# Some Humor For Ya



## Aznative (May 25, 2018)

So I posted earlier asking for Wasatch West help for my boys hunt. Got alot of awesome feedback so first thanks big time. Me being me I had to go check out some areas behind strawberry. Now ive been an outdoors guy my whole life amd never had to walk out of the woods till today lol. I drove my trusted 4x4 tundra up a decent road. Got 2 miles back and started glassing. Noticed a hell of a storm coming and said it will pass. Waited it out a bit. Then said I will head back. Well in AZ its all cinder roads or granite. Here I realized when it dries theres like 2 inches of silt dirt on the road. My truck was all over the place. Made it about 1.5 miles from main road and bam slid off the side by 2 trees but didnt hit. Figured oh well grab the chain and come along. My kid I guess took it out so now its on foot in a lightning storm like an idiot who didnt check his gear before leaving. Hiked out met some campers and one heck of a guy. He drove me all the way back to Heber and wouldnt let me pay him a thing even tried to force him but no. Tomorrow im gonna drop him off some beer and steaks while i do the drive of shame to retrieve truck. 

Moral of story is I was dumb for not checking my gear and I better look for mud terrains as ko2s suck in snot mud. Or mine are just worn down. But in all there are some great guys out there willing to help anyone out. So thanks to everyone who messaged me on some spots there as it was worth this day. Beautiful country and I will be working it hard soon after new tires and maybe a winch.


----------



## Critter (Mar 20, 2010)

Mud Terrains won't do you any good either. They will just gum up with the muck until you slide off of the side of the road. The only thing that helps is a set of chains for all 4 tires. Not those flimsy cable chains but actual cross bar link chains. 

Don't feel bad, anyone who has driven the back roads of Utah has been either in the same situation or very close. That clay base dirt is some of the worst thing that there is to drive on when it is wet. The nice thing is that if you can wait it out for a while it will usually dry out enough to allow you to drive out on it in a couple of hours.


----------



## Aznative (May 25, 2018)

Interesting so the big chains will work? Im probably gonna go that route up here. Never have I seen that type if wet silt / clay. Oh well some people like me have to learn the hard way.


----------



## Critter (Mar 20, 2010)

They work but you have to understand what you are driving on. 

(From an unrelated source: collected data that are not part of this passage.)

(* Let $[X,d,m]$ be a metric random walk space with a finite invariant measure $\nu$, and assume its Ollivier-Ricci curvature satisfies $\kappa_m>0$. Then $[X,d,m]$ with $\nu$ is $m$-connected and weakly strong $m$-connected.
   Context: A metric random walk space $[X,d,m]$ is a Polish metric space $(X,d)$ with a family $m=(m_x)_{x\in X}$ of Borel probability measures, $x\mapsto m_x(A)$ Borel measurable, each with finite first moment. A Radon measure $\nu$ is invariant if $\nu(A)=\int_X m_x(A)d\nu(x)$ for all $\nu$-measurable $A$. Iterates $m_x^{*1}=m_x$, $m_x^{*n}(A)=\int_X m_z(A)dm_x^{*(n-1)}(z)$; $N^m_D=\{x:m_x^{*n}(D)=0\ \forall n\in\mathbb N\}$. The space is $m$-connected if $\nu(N^m_D)=0$ for every $\nu$-measurable $D$ with $0<\nu(D)<\infty$. It is weakly strong $m$-connected if for every $0\le u_0\in L^2(X,\nu)\cap C(X)$ not $\nu$-a.e. zero, $e^{t\Delta_m}u_0(x)>0$ for all $x\in X$ and all $t>0$, where $e^{t\Delta_m}u_0(x)$ is understood pointwise as $e^{-t}\sum_{n\ge0}\frac{t^n}{n!}\int_X u_0\,dm_x^{*n}$ (with $m_x^{*0}=\delta_x$), $\Delta_m f(x)=\int_X(f(y)-f(x))dm_x(y)$. The $1$-Wasserstein distance between probability measures is $W_1^d(\mu,\mu')=\inf_{\gamma}\int_{X\times X} d(x,y)\,d\gamma(x,y)$ over couplings $\gamma$ of $\mu,\mu'$. The Ollivier-Ricci curvature is $\kappa_m=\inf_{x\ne y}\big(1-\frac{W_1^d(m_x,m_y)}{d(x,y)}\big)$. *)

theory Defs
  imports "HOL-Probability.Probability"
begin

definition metric_random_walk_space :: "('a::polish_space \<Rightarrow> 'a measure) \<Rightarrow> bool" where
  "metric_random_walk_space m \<longleftrightarrow>
     (\<forall>x. prob_space (m x) \<and> sets (m x) = sets borel) \<and>
     (\<forall>A\<in>sets borel. (\<lambda>x. emeasure (m x) A) \<in> borel_measurable borel) \<and>
     (\<forall>x. (\<integral>\<^sup>+ y. ennreal (dist x y) \<partial>m x) < \<infinity>)"

text \<open>Invariant (Borel, hence Radon when finite on a Polish space) measure.\<close>
definition invariant_measure :: "('a::polish_space \<Rightarrow> 'a measure) \<Rightarrow> 'a measure \<Rightarrow> bool" where
  "invariant_measure m \<nu> \<longleftrightarrow>
     sets \<nu> = sets borel \<and>
     (\<forall>A\<in>sets borel. emeasure \<nu> A = (\<integral>\<^sup>+ x. emeasure (m x) A \<partial>\<nu>))"

primrec m_iter :: "('a::polish_space \<Rightarrow> 'a measure) \<Rightarrow> 'a \<Rightarrow> nat \<Rightarrow> 'a measure" where
  "m_iter m x 0 = return borel x"
| "m_iter m x (Suc n) = bind (m_iter m x n) m"

definition N_set :: "('a::polish_space \<Rightarrow> 'a measure) \<Rightarrow> 'a set \<Rightarrow> 'a set" where
  "N_set m D = {x. \<forall>n\<ge>1. emeasure (m_iter m x n) D = 0}"

definition m_connected :: "('a::polish_space \<Rightarrow> 'a measure) \<Rightarrow> 'a measure \<Rightarrow> bool" where
  "m_connected m \<nu> \<longleftrightarrow>
     (\<forall>D\<in>sets borel. 0 < emeasure \<nu> D \<and> emeasure \<nu> D < \<infinity> \<longrightarrow> emeasure \<nu> (N_set m D) = 0)"

text \<open>Pointwise heat semigroup e^{t Delta_m} u (x) for nonnegative u, with values in [0,\<infinity>].\<close>
definition heat_pt :: "('a::polish_space \<Rightarrow> 'a measure) \<Rightarrow> ('a \<Rightarrow> real) \<Rightarrow> real \<Rightarrow> 'a \<Rightarrow> ennreal" where
  "heat_pt m u t x =
     ennreal (exp (- t)) * (\<Sum>n. ennreal (t ^ n / fact n) * (\<integral>\<^sup>+ y. ennreal (u y) \<partial>m_iter m x n))"

definition weakly_strong_m_connected :: "('a::polish_space \<Rightarrow> 'a measure) \<Rightarrow> 'a measure \<Rightarrow> bool" where
  "weakly_strong_m_connected m \<nu> \<longleftrightarrow>
     (\<forall>u. continuous_on UNIV u \<and> (\<forall>x. 0 \<le> u x) \<and> integrable \<nu> (\<lambda>x. (u x)\<^sup>2) \<and>
          \<not> (AE x in \<nu>. u x = 0)
          \<longrightarrow> (\<forall>x. \<forall>t>0. 0 < heat_pt m u t x))"

definition couplings :: "'a::polish_space measure \<Rightarrow> 'a measure \<Rightarrow> ('a \<times> 'a) measure set" where
  "couplings \<mu> \<mu>' = {\<gamma>. sets \<gamma> = sets (borel \<Otimes>\<^sub>M borel) \<and>
                        distr \<gamma> borel fst = \<mu> \<and> distr \<gamma> borel snd = \<mu>'}"

definition W1 :: "'a::polish_space measure \<Rightarrow> 'a measure \<Rightarrow> ennreal" where
  "W1 \<mu> \<mu>' = (INF \<gamma>\<in>couplings \<mu> \<mu>'. \<integral>\<^sup>+ p. ennreal (dist (fst p) (snd p)) \<partial>\<gamma>)"

definition ollivier_ricci :: "('a::polish_space \<Rightarrow> 'a measure) \<Rightarrow> ereal" where
  "ollivier_ricci m = (INF p\<in>{p::'a\<times>'a. fst p \<noteq> snd p}.
       1 - enn2ereal (W1 (m (fst p)) (m (snd p))) / ereal (dist (fst p) (snd p)))"

end

(*
  Write P f x for the integral of f against m x.  Since W1(m x, m y) <= (1 - kappa) d(x, y),
  integrating a C-Lipschitz f along near-optimal couplings shows that P f is
  (1 - kappa) C-Lipschitz; hence for bounded Lipschitz f the iterates P^n f flatten out
  to a constant.  A finite invariant measure nu preserves the integral of P^n f, which
  identifies the constant:  nu(X) * (integral of f against m_x^{*n}) tends to the
  integral of f against nu, for every starting point x.

  Weak strong connectedness: apply this to a bounded Lipschitz g with the same zero set
  as u.  The integral of g against nu is positive, so some m_x^{*n} charges {u > 0} and
  the corresponding term of the heat series is positive.

  m-connectedness: N = N^m_D is absorbing, so nu restricted to N is again a finite
  invariant measure.  Two finite invariant measures have the same limits up to their
  total masses, hence are proportional on closed sets, and inner regularity then forces
  nu(X - N) = 0 once nu(N) > 0.  But no point of N charges D, so nu(D) <= nu(X - N).
*)

theory Submission
  imports Defs
begin

lemma lipschitz_on_borel_measurable:
  fixes f :: "'a::metric_space \<Rightarrow> 'b::metric_space"
  assumes "C-lipschitz_on UNIV f"
  shows "f \<in> borel_measurable borel"
  using assms borel_measurable_continuous_onI lipschitz_on_continuous_on by blast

Usually the problem area on the road is only a inch or so deep and with chains you can cut through that surface area and get down to the dirt. Now if you have had a steady down poor for a few hours or a steady rain for a day or so you are better off just sitting it out.

Plus if you plan on getting on the same roads during the elk and deer hunt and there is snow and or ice on the road they will improve traction 100%. You also need to learn how to put them on while it is nice, warm, and dry. Then when it is cold, wet, and miserable you won't cuss as much.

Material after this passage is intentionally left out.